Musiala s'effondre à l'Allianz Arena : inquiétude et soulagement
L’Allianz Arena s’est figée. 84e minute, samedi après-midi, chaleur écrasante. Jamal Musiala s’écroule dans le camp adverse. En un instant, plusieurs joueurs du Bayern se précipitent vers lui, gestes affolés, visages fermés. Les tribunes se taisent.
L’arbitre Robert Hartmann arrête immédiatement le jeu. Le médecin d’urgence traverse la pelouse en courant, droit vers l’international allemand. Quelques secondes suspendues. Le temps semble se dilater.

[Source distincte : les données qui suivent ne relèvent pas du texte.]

lemma linked_one_step_mult_symmetric:
  fixes A S :: "'a::idom mat"
  assumes A: "A \<in> carrier_mat n n" and S: "S \<in> carrier_mat n n"
    and S_sym: "transpose_mat S = S" and dA: "det A \<noteq> 0" and dS: "det S \<noteq> 0"
  shows "linked_one_step n A (A * S)"
proof -
  let ?M = "A * transpose_mat (A * S)"
  have M_eq: "?M = A * (S * transpose_mat A)"
    using transpose_mult[OF A S] S_sym by simp
  have M: "?M \<in> carrier_mat n n" using A S by simp
  have "transpose_mat ?M = ?M"
    unfolding M_eq using A S S_sym
    by (simp add: transpose_mult[of _ n n _ n] assoc_mult_mat[of _ n n _ n _ n])
  moreover have "det ?M = det A * (det A * det S)"
    unfolding M_eq using A S by (simp add: det_mult[of _ n] det_transpose)
  ultimately show ?thesis
    unfolding linked_one_step_def mat_equiv_def non_zero_divisor_def using A S M dA dS
    by (intro conjI exI[of _ ?M] exI[of _ "1\<^sub>m n"]) (auto simp: invertible_mat_one)
qed

lemma linked_one_step_multcol:
  fixes A :: "'a::idom mat"
  assumes A: "A \<in> carrier_mat n n" and dA: "det A \<noteq> 0" and k: "k < n" and s: "s \<noteq> 0"
  shows "linked_one_step n A (multcol k s A)"
  unfolding multcol_mat[OF A]
  using A dA k s by (intro linked_one_step_mult_symmetric) (auto simp: det_multrow_mat)

lemma linked_one_step_swapcols:
  fixes A :: "'a::idom mat"
  assumes A: "A \<in> carrier_mat n n" and dA: "det A \<noteq> 0" and jk: "j < n" "k < n" "j \<noteq> k"
  shows "linked_one_step n A (swapcols j k A)"
  unfolding swapcols_mat[OF A jk(1,2)]
  using A dA jk by (intro linked_one_step_mult_symmetric) (auto simp: det_swaprows_mat)

lemma det_multcol:
  assumes A: "A \<in> carrier_mat n n" and k: "k < n"
  shows "det (multcol k s A) = s * det A"
  using A k by (simp add: multcol_mat det_mult[of A n] det_multrow_mat)

(* The elementary matrix of addcol is not symmetric, but becomes symmetric after a column swap. *)
lemma linked_one_step_addcol_swapcols:
  fixes A :: "'a::idom mat"
  assumes A: "A \<in> carrier_mat n n" and dA: "det A \<noteq> 0" and jk: "j < n" "k < n" "j \<noteq> k"
  shows "linked_one_step n A (swapcols j k (addcol t k j A))"
proof -
  let ?S = "swapcols j k (addrow_mat n t j k)"
  have S: "?S \<in> carrier_mat n n" by simp
  have "swapcols j k (addcol t k j A) = A * ?S"
  proof -
    have "swapcols j k (addcol t k j A) = A * addrow_mat n t j k * swaprows_mat n j k"
      using A jk by (simp add: addcol_mat swapcols_mat[of _ n n])
    also have "\<dots> = A * ?S"
      using A jk by (simp add: swapcols_mat[of _ n n] assoc_mult_mat[of A n n _ n _ n])
    finally show ?thesis .
  qed
  moreover have "transpose_mat ?S = ?S"
    using jk by (intro eq_matI) auto
  moreover have "det ?S \<noteq> 0"
    using jk by (simp add: det_swapcols det_addrow_mat)
  ultimately show ?thesis
    using A dA S by (simp add: linked_one_step_mult_symmetric)
qed

lemma linked_by_refl: "P A \<Longrightarrow> linked_by P n A A"
  unfolding linked_by_def by (intro exI[of _ "[A]"]) auto

lemma linked_by_snoc:
  assumes AB: "linked_by P n A B" and BC: "linked_one_step n B C" and PC: "P C"
  shows "linked_by P n A C"
proof -
  obtain xs where xs: "xs \<noteq> []" "hd xs = A" "last xs = B" "\<forall>X\<in>set xs. P X"
    and steps: "\<And>i. Suc i < length xs \<Longrightarrow> linked_one_step n (xs ! i) (xs ! Suc i)"
    using AB unfolding linked_by_def by blast
  have "linked_one_step n ((xs @ [C]) ! i) ((xs @ [C]) ! Suc i)"
    if "Suc i < length (xs @ [C])" for i
  proof (cases "Suc i < length xs")
    case True
    then show ?thesis using steps by (simp add: nth_append)
  next
    case False
    with that have "i = length xs - 1" by simp
    then show ?thesis using xs BC by (simp add: nth_append last_conv_nth)
  qed
  then show ?thesis
    unfolding linked_by_def using xs PC by (intro exI[of _ "xs @ [C]"]) auto
qed

section \<open>Block matrices\<close>

lemma block_mat_carrier: "A' \<in> carrier_mat m m \<Longrightarrow> block_mat a b c A' \<in> carrier_mat (Suc m) (Suc m)"
  unfolding block_mat_def using four_block_carrier_mat[of "mat 1 1 (\<lambda>_. a)" 1 1 A' m m] by simp

lemma block_mat_index:
  assumes "A' \<in> carrier_mat m m" "b \<in> carrier_vec m" "c \<in> carrier_vec m" "i < Suc m" "j < Suc m"
  shows "block_mat a b c A' $$ (i, j) =
    (if i = 0 then (if j = 0 then a else b $ (j - 1))
     else (if j = 0 then c $ (i - 1) else A' $$ (i - 1, j - 1)))"
  using assms unfolding block_mat_def by (subst index_mat_four_block) auto

lemma det_block_mat_zero_col:
  assumes A': "A' \<in> carrier_mat m m" and b: "b \<in> carrier_vec m"
  shows "det (block_mat a b (0\<^sub>v m) A') = a * det A'"
proof -
  have "mat (dim_vec (0\<^sub>v m :: 'a vec)) 1 (\<lambda>(i, j). 0\<^sub>v m $ i) = 0\<^sub>m m 1"
    by (intro eq_matI) auto
  then show ?thesis
    unfolding block_mat_def using A' b
    by (subst det_four_block_mat_lower_left_zero_col) (auto simp: det_single)
qed

lemma mult_adj_mat_vec:
  assumes A: "A \<in> carrier_mat n n" and c: "c \<in> carrier_vec n"
  shows "A *\<^sub>v (adj_mat A *\<^sub>v c) = det A \<cdot>\<^sub>v c"
proof -
  have "A *\<^sub>v (adj_mat A *\<^sub>v c) = (A * adj_mat A) *\<^sub>v c"
    using adj_mat(1)[OF A] A c by simp
  also have "\<dots> = det A \<cdot>\<^sub>v c"
    unfolding adj_mat(2)[OF A] using c
    by (intro eq_vecI) (auto simp: scalar_prod_def if_distrib if_distribR cong: if_cong)
  finally show ?thesis .
qed

lemma block_mat_first_column_elimination:
  fixes a :: "'a::comm_ring_1"
  assumes A': "A' \<in> carrier_mat m m" and b: "b \<in> carrier_vec m" and c: "c \<in> carrier_vec m"
  defines "M \<equiv> multcol 0 (det A') (block_mat a b c A')"
  shows "mat (Suc m) (Suc m) (\<lambda>(i, l). if l = 0
      then M $$ (i, 0) + (\<Sum>k\<in>{1..m}. - (adj_mat A' *\<^sub>v c) $ (k - 1) * M $$ (i, k))
      else M $$ (i, l))
    = block_mat (det A' * a - b \<bullet> (adj_mat A' *\<^sub>v c)) b (0\<^sub>v m) A'"
    (is "?L = ?R")
proof (rule eq_matI)
  define u where "u = adj_mat A' *\<^sub>v c"
  have u: "u \<in> carrier_vec m"
    unfolding u_def using adj_mat(1)[OF A'] c by simp
  fix i l assume "i < dim_row ?R" and "l < dim_col ?R"
  then have i: "i < Suc m" and l: "l < Suc m"
    using carrier_matD[OF block_mat_carrier[OF A']] by auto
  have "det A' * c $ (i - 1) = (\<Sum>k<m. u $ k * A' $$ (i - 1, k))" if "0 < i"
  proof -
    have "det A' * c $ (i - 1) = (A' *\<^sub>v u) $ (i - 1)"
      using mult_adj_mat_vec[OF A' c] that i c unfolding u_def by simp
    also have "\<dots> = (\<Sum>k<m. u $ k * A' $$ (i - 1, k))"
      using that i A' u by (simp add: scalar_prod_def atLeast0LessThan ac_simps)
    finally show ?thesis .
  qed
  then show "?L $$ (i, l) = ?R $$ (i, l)"
    using i l A' b c u block_mat_carrier[OF A', of a b c] unfolding M_def u_def[symmetric]
    by (auto simp: block_mat_index sum.atLeast1_atMost_eq sum_negf scalar_prod_def
        atLeast0LessThan ac_simps)
qed (use carrier_matD[OF block_mat_carrier[OF A']] in auto)

lemma block_mat_first_row_elimination:
  fixes s :: "'a::comm_ring_1"
  assumes A': "A' \<in> carrier_mat m m" and b: "b \<in> carrier_vec m"
  defines "M \<equiv> block_mat s b (0\<^sub>v m) A'"
  shows "mat (Suc m) (Suc m) (\<lambda>(i, l).
      if l \<in> {1..m} then s * M $$ (i, l) + - b $ (l - 1) * M $$ (i, 0) else M $$ (i, l))
    = block_mat s (0\<^sub>v m) (0\<^sub>v m) (s \<cdot>\<^sub>m A')"
    (is "?L = ?R")
proof (rule eq_matI)
  have sA': "s \<cdot>\<^sub>m A' \<in> carrier_mat m m" using A' by simp
  fix i l assume "i < dim_row ?R" and "l < dim_col ?R"
  then have "i < Suc m" "l < Suc m"
    using carrier_matD[OF block_mat_carrier[OF sA']] by auto
  then show "?L $$ (i, l) = ?R $$ (i, l)"
    using A' b unfolding M_def by (auto simp: block_mat_index[OF A' b] block_mat_index[OF sA'])
qed (use A' carrier_matD[OF block_mat_carrier[of "s \<cdot>\<^sub>m A'" m]] in auto)
(* Let $\beta>0$ and let $\{M(N)\}_{N\ge1}$ be a sequence of positive integers. If the family $\{Z^{f,\beta,h_c^a(\beta)}_{N,M(N),\omega}\}_{N\ge1}$ is uniformly integrable under $\mathbb P$, then there exists $\zeta>0$ such that for every sequence of events $\{A_N\}_{N\ge1}$ (events for $\tau$) with $\lim_{N\to\infty}\mathbf P(A_N)=0$ there is $N_0\in\mathbb N$ such that $$\inf_{N\ge N_0}\mathbb P\Big(\mathbf P^{f,\beta,h_c^a(\beta)}_{N,M(N),\omega}(A_N)\le\tfrac12\ \text{ and }\ Z^{f,\beta,h_c^a(\beta)}_{N,M(N),\omega}>\tfrac12\Big)\ge\zeta.$$
   Context: Let $\mathbb N=\{1,2,\dots\}$. Fix $\alpha\ge0$ and a slowly varying function $L$, and set $K(n)=L(n)n^{-(2+\alpha)}$, normalized so that $\sum_{n,m\in\mathbb N}K(n+m)=1$. Let $\tau$ be a bivariate renewal process with law $\mathbf P$: $\tau_0=(0,0)$, i.i.d. increments with $\mathbf P(\tau_1=(n,m))=K(n+m)$, $n,m\in\mathbb N$; $\tau$ is identified with the random set of its points. Let $\omega=\{\omega_{n,m}\}$ be i.i.d. real random variables with law $\mathbb P$, centered, unit variance, $Q(\beta)=\mathbb E[e^{\beta\omega_{1,1}}]<\infty$ for all $\beta$; set $h_c^a(\beta)=-\log Q(\beta)$. The free partition function is $Z^{f,\beta,h}_{N,M,\omega}=\mathbf E[\exp(\sum_{n=1}^N\sum_{m=1}^M(\beta\omega_{n,m}+h)\mathbf 1_{(n,m)\in\tau})]$, and $\mathbf P^{f,\beta,h}_{N,M,\omega}$ is the probability measure on $\tau$ with density $\exp(\sum_{n=1}^N\sum_{m=1}^M(\beta\omega_{n,m}+h)\mathbf 1_{(n,m)\in\tau})/Z^{f,\beta,h}_{N,M,\omega}$ with respect to $\mathbf P$. *)

theory Defs
  imports "HOL-Probability.Probability"
begin

definition slowly_varying :: "(real \<Rightarrow> real) \<Rightarrow> bool" where
  "slowly_varying L \<longleftrightarrow> L \<in> borel_measurable borel \<and> (\<forall>x>0. L x > 0) \<and>
     (\<forall>c>0. ((\<lambda>x. L (c * x) / L x) \<longlongrightarrow> 1) at_top)"

text \<open>The renewal process is realised on the space of i.i.d. increment streams.
  Point number k of tau is the k-th partial sum of the increments (tau_0 = (0,0)).\<close>
definition renewal_point :: "(nat \<times> nat) stream \<Rightarrow> nat \<Rightarrow> nat \<times> nat" where
  "renewal_point s k = ((\<Sum>i<k. fst (s !! i)), (\<Sum>i<k. snd (s !! i)))"

definition renewal_set :: "(nat \<times> nat) stream \<Rightarrow> (nat \<times> nat) set" where
  "renewal_set s = range (renewal_point s)"

definition renewal_law :: "(nat \<times> nat) pmf \<Rightarrow> (nat \<times> nat) stream measure" where
  "renewal_law inc = stream_space (measure_pmf inc)"

definition hamiltonian ::
  "real \<Rightarrow> real \<Rightarrow> nat \<Rightarrow> nat \<Rightarrow> (nat \<times> nat \<Rightarrow> real) \<Rightarrow> (nat \<times> nat) stream \<Rightarrow> real" where
  "hamiltonian \<beta> h N M \<omega> s =
     (\<Sum>n\<in>{1..N}. \<Sum>m\<in>{1..M}. (\<beta> * \<omega> (n, m) + h) * indicator (renewal_set s) (n, m))"

definition free_Z ::
  "(nat \<times> nat) pmf \<Rightarrow> real \<Rightarrow> real \<Rightarrow> nat \<Rightarrow> nat \<Rightarrow> (nat \<times> nat \<Rightarrow> real) \<Rightarrow> real" where
  "free_Z inc \<beta> h N M \<omega> = (\<integral>s. exp (hamiltonian \<beta> h N M \<omega> s) \<partial>renewal_law inc)"

definition polymer_prob ::
  "(nat \<times> nat) pmf \<Rightarrow> real \<Rightarrow> real \<Rightarrow> nat \<Rightarrow> nat \<Rightarrow> (nat \<times> nat \<Rightarrow> real)
     \<Rightarrow> (nat \<times> nat) stream set \<Rightarrow> real" where
  "polymer_prob inc \<beta> h N M \<omega> A =
     (\<integral>s. indicator A s * exp (hamiltonian \<beta> h N M \<omega> s) \<partial>renewal_law inc) / free_Z inc \<beta> h N M \<omega>"

definition uniformly_integrable :: "'a measure \<Rightarrow> 'i set \<Rightarrow> ('i \<Rightarrow> 'a \<Rightarrow> real) \<Rightarrow> bool" where
  "uniformly_integrable \<Omega> I f \<longleftrightarrow> (\<forall>i\<in>I. f i \<in> borel_measurable \<Omega>) \<and>
     ((\<lambda>K::real. SUP i\<in>I. \<integral>\<^sup>+ x. ennreal \<bar>f i x\<bar> * indicator {x. \<bar>f i x\<bar> > K} x \<partial>\<Omega>)
        \<longlongrightarrow> 0) at_top"

end

theory Submission
  imports Defs
begin

text \<open>At \<open>h = h_c^a(\<beta>) = -log Q(\<beta>)\<close> every factor \<open>exp (\<beta> \<omega>_{n,m} + h)\<close> has mean one, so by
  independence the disorder average of \<open>exp H(\<omega>, \<tau>)\<close> is 1 for every fixed renewal trajectory.
  By Tonelli, \<open>E Z = 1\<close> and \<open>E Z(A) = P(A)\<close>, where \<open>Z(A)\<close> is the partition function
  restricted to the event \<open>A\<close>. Uniform integrability upgrades \<open>E Z = 1\<close> to a lower bound
  \<open>P(Z > 1/2) \<ge> \<zeta>\<close> uniform in \<open>N\<close>, while Markov's inequality gives
  \<open>P(Z(A_N) \<ge> 1/4) \<le> 4 P(A_N) \<rightarrow> 0\<close>; off that event, \<open>Z > 1/2\<close> forces
  \<open>P^f(A_N) = Z(A_N) / Z \<le> 1/2\<close>.\<close>

lemma (in product_prob_space) nn_integral_prod_coordinates:
  assumes "finite J" "J \<subseteq> I" and f: "\<And>i. i \<in> J \<Longrightarrow> f i \<in> borel_measurable (M i)"
  shows "(\<integral>\<^sup>+\<omega>. (\<Prod>i\<in>J. f i (\<omega> i)) \<partial>Pi\<^sub>M I M) = (\<Prod>i\<in>J. \<integral>\<^sup>+x. f i x \<partial>M i)"
proof -
  have "(\<lambda>\<omega>. \<Prod>i\<in>J. f i (\<omega> i)) \<in> borel_measurable (Pi\<^sub>M J M)"
    using f by (intro borel_measurable_prod_ennreal measurable_compose[OF measurable_component_singleton]) auto
  then have "(\<integral>\<^sup>+\<omega>. (\<Prod>i\<in>J. f i (\<omega> i)) \<partial>Pi\<^sub>M I M)
      = (\<integral>\<^sup>+\<omega>. (\<Prod>i\<in>J. f i (\<omega> i)) \<partial>distr (Pi\<^sub>M I M) (Pi\<^sub>M J M) (\<lambda>\<omega>. restrict \<omega> J))"
    using assms by (subst nn_integral_distr) (auto intro!: measurable_restrict_subset nn_integral_cong prod.cong)
  also have "\<dots> = (\<Prod>i\<in>J. \<integral>\<^sup>+x. f i x \<partial>M i)"
    using assms by (simp add: distr_PiM_restrict_finite product_nn_integral_prod)
  finally show ?thesis .
qed

lemma uniformly_integrable_tail_le:
  assumes "uniformly_integrable \<Omega> I f" and "0 < \<epsilon>"
  obtains K where "c \<le> K"
    and "\<And>i. i \<in> I \<Longrightarrow> (\<integral>\<^sup>+x. ennreal \<bar>f i x\<bar> * indicator {x. K < \<bar>f i x\<bar>} x \<partial>\<Omega>) \<le> ennreal \<epsilon>"
proof -
  have "eventually (\<lambda>K. (SUP i\<in>I. \<integral>\<^sup>+x. ennreal \<bar>f i x\<bar> * indicator {x. K < \<bar>f i x\<bar>} x \<partial>\<Omega>) < ennreal \<epsilon>) at_top"
    using assms unfolding uniformly_integrable_def by (intro order_tendstoD(2)) auto
  then obtain K0 where K0: "\<And>K. K0 \<le> K \<Longrightarrow>
      (SUP i\<in>I. \<integral>\<^sup>+x. ennreal \<bar>f i x\<bar> * indicator {x. K < \<bar>f i x\<bar>} x \<partial>\<Omega>) < ennreal \<epsilon>"
    by (auto simp: eventually_at_top_linorder)
  show ?thesis
  proof (rule that[of "max c K0"])
    fix i assume "i \<in> I"
    then have "(\<integral>\<^sup>+x. ennreal \<bar>f i x\<bar> * indicator {x. max c K0 < \<bar>f i x\<bar>} x \<partial>\<Omega>)
        \<le> (SUP i\<in>I. \<integral>\<^sup>+x. ennreal \<bar>f i x\<bar> * indicator {x. max c K0 < \<bar>f i x\<bar>} x \<partial>\<Omega>)"
      by (rule SUP_upper)
    also have "\<dots> < ennreal \<epsilon>"
      by (rule K0) simp
    finally show "(\<integral>\<^sup>+x. ennreal \<bar>f i x\<bar> * indicator {x. max c K0 < \<bar>f i x\<bar>} x \<partial>\<Omega>) \<le> ennreal \<epsilon>"
      by simp
  qed simp
qed

lemma (in prob_space) mean_le_threshold_plus_tail:
  assumes [measurable]: "f \<in> borel_measurable M" and f_nonneg: "\<And>x. 0 \<le> f x"
    and mean: "(\<integral>\<^sup>+x. ennreal (f x) \<partial>M) = ennreal m"
    and tail: "(\<integral>\<^sup>+x. ennreal \<bar>f x\<bar> * indicator {x. K < \<bar>f x\<bar>} x \<partial>M) \<le> ennreal \<epsilon>"
    and "0 \<le> a" "0 \<le> K" "0 \<le> \<epsilon>"
  shows "m \<le> a + K * prob {x \<in> space M. a < f x} + \<epsilon>"
proof -
  define E where "E = {x \<in> space M. a < f x}"
  define T where "T = (\<lambda>x. ennreal \<bar>f x\<bar> * indicator {x. K < \<bar>f x\<bar>} x)"
  have [measurable]: "E \<in> sets M" "T \<in> borel_measurable M"
    unfolding E_def T_def by measurable
  have "ennreal (f x) \<le> ennreal a + ennreal K * indicator E x + T x" if "x \<in> space M" for x
    using that f_nonneg[of x]
    by (cases "a < f x"; cases "K < f x") (auto simp: E_def T_def intro: add_increasing2 add_increasing)
  then have "ennreal m \<le> (\<integral>\<^sup>+x. ennreal a + ennreal K * indicator E x + T x \<partial>M)"
    unfolding mean[symmetric] by (intro nn_integral_mono) auto
  also have "\<dots> = (\<integral>\<^sup>+x. ennreal a + ennreal K * indicator E x \<partial>M) + (\<integral>\<^sup>+x. T x \<partial>M)"
    by (rule nn_integral_add) auto
  also have "(\<integral>\<^sup>+x. ennreal a + ennreal K * indicator E x \<partial>M) = ennreal a + ennreal K * ennreal (prob E)"
    by (subst nn_integral_add) (auto simp: nn_integral_cmult_indicator emeasure_space_1 emeasure_eq_measure prob_space)
  also have "ennreal a + ennreal K * ennreal (prob E) + (\<integral>\<^sup>+x. T x \<partial>M)
      \<le> ennreal a + ennreal K * ennreal (prob E) + ennreal \<epsilon>"
    using tail unfolding T_def by (rule add_left_mono)
  also have "\<dots> = ennreal (a + K * prob E + \<epsilon>)"
    using \<open>0 \<le> a\<close> \<open>0 \<le> K\<close> \<open>0 \<le> \<epsilon>\<close> by (simp add: ennreal_plus ennreal_mult)
  finally have "ennreal m \<le> ennreal (a + K * prob E + \<epsilon>)" .
  then show ?thesis
    using \<open>0 \<le> a\<close> \<open>0 \<le> K\<close> \<open>0 \<le> \<epsilon>\<close> by (subst (asm) ennreal_le_iff) (auto simp: E_def)
qed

Puis un léger souffle de soulagement. Après un premier examen, le docteur se retire. Musiala, 23 ans, quitte la pelouse par ses propres moyens. Il marche, mais vacille, l’air sonné, visiblement secoué. L’inquiétude, elle, ne retombe pas.
Malaise sous une chaleur accablante
Même après le coup de sifflet final, le flou persiste autour de l’état de Musiala. Aucune annonce claire, aucun diagnostic précis.
« On saura ce que c’était. Mais bien sûr, on croise les doigts », glisse Manuel Neuer au micro de MagentaTV, sans plus de détails que le milieu de Leipzig Rocco Reitz. Le vestiaire retient son souffle.
Selon les informations de SID, Musiala a été victime d’un épisode de faiblesse. Il se serait plaint de vertiges et de problèmes circulatoires. La rencontre s’est disputée sous plus de 30 degrés, une fournaise qui a pesé sur les organismes.
« Le plus important, c’est qu’il va bien », insiste le directeur sportif Max Eberl après la rencontre, recentrant le débat sur la santé de son meneur de jeu.
Ironie cruelle du scénario : quelques minutes avant cette frayeur, Musiala venait de plier l’affaire.
Musiala buteur décisif avant la frayeur
Juste avant de faire trembler tout le stade pour de mauvaises raisons, Musiala avait fait lever l’Allianz Arena pour les bonnes. Il inscrit le 3-1 pour le Bayern face à Leipzig dans ce Telekom Cup, au terme d’une action bien construite par la recrue Ismael Saibari.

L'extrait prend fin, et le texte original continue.